We are seeking a highly motivated Quality Systems professional to join our multinational organization in Ireland.
The Role
* Support the development and implementation of quality systems across Drug Substance and Drug Product facilities.
* Drive continuous improvement initiatives to enhance quality performance metrics.
* Serve as the subject matter expert for validation activities across both operations.
* Participate in key committees including PVC, WVC, CVG, and EQVC.
* Approve validation documentation and support capital projects aligned with quality objectives.
* Maintain validated states post-change and develop summary reports and quality plans.
* Provide QA oversight for laboratory systems, documentation, and incidents.
* Approve stability reports and support OOS investigations.
* Act as the Microbiology QA point of contact for water, utilities, environment, and product-related issues.
* Own and maintain critical documents such as the Site Master File, Validation Master Plan, and key procedures.
* Oversee Annual Review and Quality Agreement systems.
* Approve user access reviews and site application controls.
* Participate in internal audits, customer complaints, and supplier change evaluations.
* Support regulatory inspections and license/filing documentation requests.

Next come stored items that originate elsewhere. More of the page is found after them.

definition recharge_weight :: "('v \<times> 'v) set \<Rightarrow> ('v \<times> 'v \<Rightarrow> rweight) \<Rightarrow> bool" where
  "recharge_weight E w \<longleftrightarrow> (\<forall>e\<in>E. \<forall>k. w e = Wt k \<longrightarrow> k \<le> 0)"

definition no_recharge :: "('v \<times> 'v \<Rightarrow> rweight) \<Rightarrow> 'v list \<Rightarrow> bool" where
  "no_recharge w xs \<longleftrightarrow> (\<forall>e\<in>set (edges xs). w e \<noteq> Rch)"

definition EL :: "('v \<times> 'v \<Rightarrow> rweight) \<Rightarrow> 'v list \<Rightarrow> int" where
  "EL w xs = sum_list (map (\<lambda>e. case w e of Wt k \<Rightarrow> k | Rch \<Rightarrow> 0) (edges xs))"

text \<open>EL_cap(v0...vn) = cap + EL(x), x the longest suffix with no R-edge.\<close>
definition EL_cap :: "('v \<times> 'v \<Rightarrow> rweight) \<Rightarrow> nat \<Rightarrow> 'v list \<Rightarrow> int" where
  "EL_cap w cap xs = int cap + EL w (drop (LEAST k. no_recharge w (drop k xs)) xs)"

definition Recharge :: "('v \<times> 'v \<Rightarrow> rweight) \<Rightarrow> nat \<Rightarrow> (nat \<Rightarrow> 'v) set" where
  "Recharge w cap = {\<rho>. \<forall>n. EL_cap w cap (prefix \<rho> n) \<ge> 0}"

definition AvgRecharge :: "('v \<times> 'v \<Rightarrow> rweight) \<Rightarrow> nat \<Rightarrow> nat \<Rightarrow> (nat \<Rightarrow> 'v) set" where
  "AvgRecharge w cap t =
     {\<rho>. limsup (\<lambda>n. ereal ((\<Sum>i<n. real_of_int (EL_cap w cap (prefix \<rho> i))) / real n))
           \<le> ereal (real t)} \<inter> Recharge w cap"

end

theory Submission
  imports Defs
begin

text \<open>Memory states \<open>0, \<dots>, cap\<close> record the current energy level and \<open>cap + 1\<close> records that it
  has dropped below zero. In the product of the arena with this memory, weighting a state by
  (energy level \<open>- t\<close>) and the sink by \<open>1\<close>, winning the average-energy objective amounts to
  keeping all partial sums of the weights bounded above, and losing it to letting them grow
  linearly. For this bounded-sum objective positional strategies suffice. The key tool is the
  first-cycle game on the loop-erased history: if Player 0 wins it, replaying it keeps the sums
  bounded, since the history's sum is at most that of its loop erasure; if she loses it, Player 1
  closes only cycles of positive weight and the sums grow linearly. Removing edges at a Player 0
  vertex \<open>v\<close> preserves the winning region of the cycle game if \<open>v\<close> stays won or was lost, and one
  of two complementary removals always qualifies; induction on the number of Player 0 edges then
  yields a positional strategy on the product, i.e. a strategy with \<open>cap + 2\<close> memory states.\<close>

section \<open>Loop erasure\<close>

definition loop_erase_step :: "'a \<Rightarrow> 'a list \<Rightarrow> 'a list" where
  "loop_erase_step y p = takeWhile (\<lambda>z. z \<noteq> y) p @ [y]"

definition closed_loop :: "'a \<Rightarrow> 'a list \<Rightarrow> 'a list" where
  "closed_loop y p = dropWhile (\<lambda>z. z \<noteq> y) p"

definition loop_erasure :: "'a list \<Rightarrow> 'a list" where
  "loop_erasure h = foldl (\<lambda>p y. loop_erase_step y p) [] h"

lemma loop_erasure_Nil [simp]: "loop_erasure [] = []"
  by (simp add: loop_erasure_def)

lemma loop_erasure_snoc [simp]: "loop_erasure (h @ [y]) = loop_erase_step y (loop_erasure h)"
  by (simp add: loop_erasure_def)

lemma loop_erasure_singleton [simp]: "loop_erasure [x] = [x]"
  using loop_erasure_snoc[of "[]" x] by (simp add: loop_erase_step_def)

lemma loop_erase_step_notin: "y \<notin> set p \<Longrightarrow> loop_erase_step y p = p @ [y]"
  by (auto simp: loop_erase_step_def takeWhile_eq_all_conv)

lemma closed_loop_notin: "y \<notin> set p \<Longrightarrow> closed_loop y p = []"
  by (auto simp: closed_loop_def)

lemma loop_erase_step_eq_take:
  assumes "y \<in> set p"
  shows "\<exists>k. 0 < k \<and> k \<le> length p \<and> loop_erase_step y p = take k p"
  using assms
proof (induction p)
  case (Cons a p)
  show ?case
  proof (cases "a = y")
    case True
    then show ?thesis by (intro exI[of _ 1]) (simp add: loop_erase_step_def)
  next
    case False
    with Cons obtain k where "0 < k" "k \<le> length p" "loop_erase_step y p = take k p"
      by auto
    with False show ?thesis by (intro exI[of _ "Suc k"]) (simp add: loop_erase_step_def)
  qed
qed simp
(* Let $G$ be a group, $A$ a semilattice of groups, and $\Theta=(\theta,w)$, $\Theta'=(\theta',w')$ twisted partial actions of $G$ on $A$. If $\Theta$ is equivalent to $\Theta'$, then the corresponding twisted $E(A)*_\theta G$-module structures $\Lambda=\Lambda^\Theta$ and $\Lambda'=\Lambda^{\Theta'}$ on $A$ are equivalent.
   Context: A semilattice of groups is an inverse semigroup $A$ with central idempotents; $A_e=\{a: aa^{-1}=a^{-1}a=e\}$. Multipliers of a semigroup $T$: pairs $(L,R)$ of maps $T\to T$ with $L(st)=L(s)t$, $R(st)=sR(t)$, $sL(t)=R(s)t$, written $ws=L(s)$, $sw=R(s)$; monoid $\mathcal M(T)$, unit group $\mathcal U(\mathcal M(T))$. A twisted partial action of $G$ on $A$ is $(\theta,w)$ with isomorphisms $\theta_x:D_{x^{-1}}\to D_x$ of nonempty ideals and $w_{x,y}\in\mathcal U(\mathcal M(D_xD_{xy}))$ such that (i) $D_x^2=D_x$, $D_xD_y=D_yD_x$; (ii) $D_1=A$, $\theta_1=\mathrm{id}$; (iii) $\theta_x(D_{x^{-1}}D_y)=D_xD_{xy}$; (iv) $\theta_x\theta_y(s)=w_{x,y}\theta_{xy}(s)w_{x,y}^{-1}$ on $D_{y^{-1}}D_{y^{-1}x^{-1}}$; (v) $w_{1,x}=w_{x,1}$ = identity of $D_x$; (vi) $\theta_x(sw_{y,z})w_{x,yz}=\theta_x(s)w_{x,y}w_{xy,z}$ on $D_{x^{-1}}D_yD_{yz}$. $(\theta,w)$ and $(\theta',w')$ are equivalent if $D'_x=D_x$ and there are $\varepsilon_x\in\mathcal U(\mathcal M(D_x))$ with $\theta'_x(s)=\varepsilon_x\theta_x(s)\varepsilon_x^{-1}$ ($s\in D_{x^{-1}}$) and $\theta'_x(s)w'_{x,y}\varepsilon_{xy}=\varepsilon_x\theta_x(s\varepsilon_y)w_{x,y}$ ($s\in D_{x^{-1}}D_y$). The maps $\theta_x$ restrict to a partial action $\theta$ of $G$ on $E(A)$; equivalent twisted partial actions have the same restriction, so $E(A)*_\theta G=E(A)*_{\theta'}G=\{e\delta_x: e\in E(D_x)\}$ with product $e\delta_x\cdot f\delta_y=\theta_x(\theta_x^{-1}(e)f)\delta_{xy}$ (an $E$-unitary inverse semigroup). $\Lambda^\Theta=(\alpha,\lambda,f)$ is given by $\alpha(e\delta_1)=e$, $\lambda_{e\delta_x}(a)=\theta_x(\theta_x^{-1}(e)a)$, $f(e\delta_x,e'\delta_y)=\theta_x(\theta_x^{-1}(e)e')w_{x,y}$ (and similarly for $\Theta'$). Two twisted module structures $(\alpha,\lambda,f)$, $(\alpha',\lambda',f')$ over an inverse semigroup $S$ are equivalent if $\alpha'=\alpha$ and there is $g:S\to A$ with $g(s)\in A_{\alpha(ss^{-1})}$, $\lambda'_s(a)=g(s)\lambda_s(a)g(s)^{-1}$ and $f'(s,t)g(st)=g(s)\lambda_s(g(t))f(s,t)$. *)

theory Defs
  imports Main
begin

* Manage returned goods disposition in line with quality requirements.
Educational and Experience Requirements
* A degree or post-graduate qualification in Science, Pharmacy, or Engineering is required.
* 3+ years' experience in a regulated pharmaceutical manufacturing environment is preferred.
* Experience with quality system ownership, validation, and regulatory audit support is highly desirable.
* Proficiency in quality management systems such as Veeva, SAP, LIMs, and Trackwise is beneficial.